(* Assume (H), (H1), and that $L$ has the KL-property at some $\bar z$, with associated $\eta\in(0,\infty]$, neighborhood $U$ and function $\varphi$. Let $\rho>0$ be such that $B(\bar z,\rho)\subset U$, let $C$ be a Lipschitz constant of $\nabla Q$ on $B(\bar z,\sqrt{2R}\rho)$, and $M=2r_+(C\sqrt{2R}+1/r_-)$. Let $(z_k)$ be generated by PAM from $z_0$, write $l_k=L(z_k)$, $\bar l=L(\bar z)$, and assume $\bar l<l_k<\bar l+\eta$ for all $k\ge0$ and $$M\varphi(l_0-\bar l)+2\sqrt{2r_+}\sqrt{l_0-\bar l}+\|z_0-\bar z\|_2<\rho.$$ Then $(z_k)$ converges to a critical point of $L$, and for all $k\ge0$: (i) $z_k\in B(\bar z,\rho)$; (ii) $\sum_{i=k+1}^\infty\|z_{i+1}-z_i\|_2\le M\varphi(l_k-\bar l)+\sqrt{2r_+}\sqrt{l_k-\bar l}$.
   Context: Setting: $L(u^1,\dots,u^R,v^1,\dots,v^R)=\sum_{r=1}^Rf_r(u^r)+Q(u^1,\dots,v^R)+\sum_{r=1}^Rg_r(v^r)$ on $(\mathbb{R}^{n_1})^R\times(\mathbb{R}^{n_2})^R$. (H): $f_r,g_r$ proper lower semicontinuous with values in $\mathbb{R}\cup\{\infty\}$; $Q$ real-valued $C^1$ with $\nabla Q$ Lipschitz on bounded sets. (H1): $\inf L>-\infty$, $L(\cdot,u_0^2,\dots,v_0^R)$ proper, all proximal parameters $\lambda_k^r,\mu_k^r\in(r_-,r_+)$ for some $0<r_-<r_+$. PAM: for $k\ge0$, $r=1,\dots,R$ in order, $u_{k+1}^r\in\arg\min_u L(u_{k+1}^1,\dots,u_{k+1}^{r-1},u,u_k^{r+1},\dots,u_k^R,v_{k+1}^1,\dots,v_{k+1}^{r-1},v_k^r,\dots,v_k^R)+\frac{1}{2\lambda_k^r}\|u-u_k^r\|_2^2$, $v_{k+1}^r\in\arg\min_v L(u_{k+1}^1,\dots,u_{k+1}^r,u_k^{r+1},\dots,u_k^R,v_{k+1}^1,\dots,v_{k+1}^{r-1},v,v_k^{r+1},\dots,v_k^R)+\frac{1}{2\mu_k^r}\|v-v_k^r\|_2^2$; $z_k=(u_k^1,\dots,v_k^R)$. $\partial$ is the limiting subdifferential; critical points are $z$ with $0\in\partial L(z)$. KL-property: a proper lsc $f:\mathbb{R}^n\to\mathbb{R}\cup\{\infty\}$ has the KL-property at $\bar x\in\mathrm{dom}\,\partial f$ if there exist $\eta\in(0,\infty]$, a neighborhood $U$ of $\bar x$, and a continuous concave $\varphi:[0,\eta)\to[0,\infty)$ with $\varphi(0)=0$, $\varphi\in C^1(0,\eta)$, $\varphi'>0$ on $(0,\eta)$, such that $\varphi'(f(x)-f(\bar x))\,\mathrm{dist}(0,\partial f(x))\ge1$ for all $x\in U$ with $f(\bar x)<f(x)<f(\bar x)+\eta$. *)

theory Defs
  imports "HOL-Analysis.Analysis" "HOL-Library.Extended_Real"
begin

definition proper_fun :: "('a \<Rightarrow> ereal) \<Rightarrow> bool" where
  "proper_fun f \<longleftrightarrow> (\<forall>x. f x \<noteq> -\<infinity>) \<and> (\<exists>x. f x \<noteq> \<infinity>)"

definition lsc_fun :: "('a::topological_space \<Rightarrow> ereal) \<Rightarrow> bool" where
  "lsc_fun f \<longleftrightarrow> (\<forall>x. f x \<le> Liminf (at x) f)"

text \<open>Frechet (regular) subdifferential, liminf written out.\<close>
definition frechet_subdiff :: "('a::real_inner \<Rightarrow> ereal) \<Rightarrow> 'a \<Rightarrow> 'a set" where
  "frechet_subdiff f x = {w. \<bar>f x\<bar> \<noteq> \<infinity> \<and>
      (\<forall>e>0. \<exists>d>0. \<forall>y. norm (y - x) < d \<longrightarrow>
          f y \<ge> f x + ereal (inner w (y - x) - e * norm (y - x)))}"

definition limiting_subdiff :: "('a::real_inner \<Rightarrow> ereal) \<Rightarrow> 'a \<Rightarrow> 'a set" where
  "limiting_subdiff f x = {w. \<exists>xs ws. xs \<longlonglongrightarrow> x \<and> (\<lambda>k. f (xs k)) \<longlonglongrightarrow> f x \<and>
      (\<forall>k. ws k \<in> frechet_subdiff f (xs k)) \<and> ws \<longlonglongrightarrow> w}"

text \<open>KL property at xbar with the given eta, U, phi.
  The distance dist(0, empty set) is +infinity, so the inequality is vacuous there.\<close>
definition KL_at :: "('a::euclidean_space \<Rightarrow> ereal) \<Rightarrow> 'a \<Rightarrow> ereal \<Rightarrow> 'a set \<Rightarrow> (real \<Rightarrow> real) \<Rightarrow> bool" where
  "KL_at f xbar \<eta> U \<phi> \<longleftrightarrow>
     limiting_subdiff f xbar \<noteq> {} \<and>
     \<eta> > 0 \<and> xbar \<in> interior U \<and>
     continuous_on {t. 0 \<le> t \<and> ereal t < \<eta>} \<phi> \<and>
     concave_on {t. 0 \<le> t \<and> ereal t < \<eta>} \<phi> \<and>
     \<phi> 0 = 0 \<and> (\<forall>t. 0 \<le> t \<and> ereal t < \<eta> \<longrightarrow> 0 \<le> \<phi> t) \<and>
     (\<forall>t. 0 < t \<and> ereal t < \<eta> \<longrightarrow> \<phi> differentiable (at t)) \<and>
     continuous_on {t. 0 < t \<and> ereal t < \<eta>} (deriv \<phi>) \<and>
     (\<forall>t. 0 < t \<and> ereal t < \<eta> \<longrightarrow> deriv \<phi> t > 0) \<and>
     (\<forall>x\<in>U. f xbar < f x \<and> f x < f xbar + \<eta> \<longrightarrow>
        limiting_subdiff f x = {} \<or>
        deriv \<phi> (real_of_ereal (f x - f xbar)) * infdist 0 (limiting_subdiff f x) \<ge> 1)"

text \<open>Blocks are indexed by a finite linearly ordered type 'r (so R = CARD('r)),
  processed in increasing order. A point z = (u, v) with u $ r = u^r, v $ r = v^r.\<close>

type_synonym ('n1, 'n2, 'r) pt = "((real^'n1)^'r) \<times> ((real^'n2)^'r)"

definition mix :: "('b, 'r::{finite,linorder}) vec \<Rightarrow> ('b, 'r) vec \<Rightarrow> 'r \<Rightarrow> 'b \<Rightarrow> ('b, 'r) vec" where
  "mix new old r x = (\<chi> s. if s < r then new $ s else if s = r then x else old $ s)"

definition Lfun :: "('r::finite \<Rightarrow> real^'n1::finite \<Rightarrow> ereal) \<Rightarrow> (('n1,'n2,'r) pt \<Rightarrow> real)
     \<Rightarrow> ('r \<Rightarrow> real^'n2 \<Rightarrow> ereal) \<Rightarrow> ('n1,'n2,'r) pt \<Rightarrow> ereal" where
  "Lfun f Q g z = (\<Sum>r\<in>UNIV. f r (fst z $ r)) + ereal (Q z) + (\<Sum>r\<in>UNIV. g r (snd z $ r))"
************
To do:
Where the line holding "(deriv \<phi>) \<and>" appears in the listing above, start reproducing exactly, and end with the line holding "deriv \<phi> (real_of_ereal".

Expected answer:
     continuous_on {t. 0 < t \<and> ereal t < \<eta>} (deriv \<phi>) \<and>
     (\<forall>t. 0 < t \<and> ereal t < \<eta> \<longrightarrow> deriv \<phi> t > 0) \<and>
     (\<forall>x\<in>U. f xbar < f x \<and> f x < f xbar + \<eta> \<longrightarrow>
        limiting_subdiff f x = {} \<or>
        deriv \<phi> (real_of_ereal (f x - f xbar)) * infdist 0 (limiting_subdiff f x) \<ge> 1)"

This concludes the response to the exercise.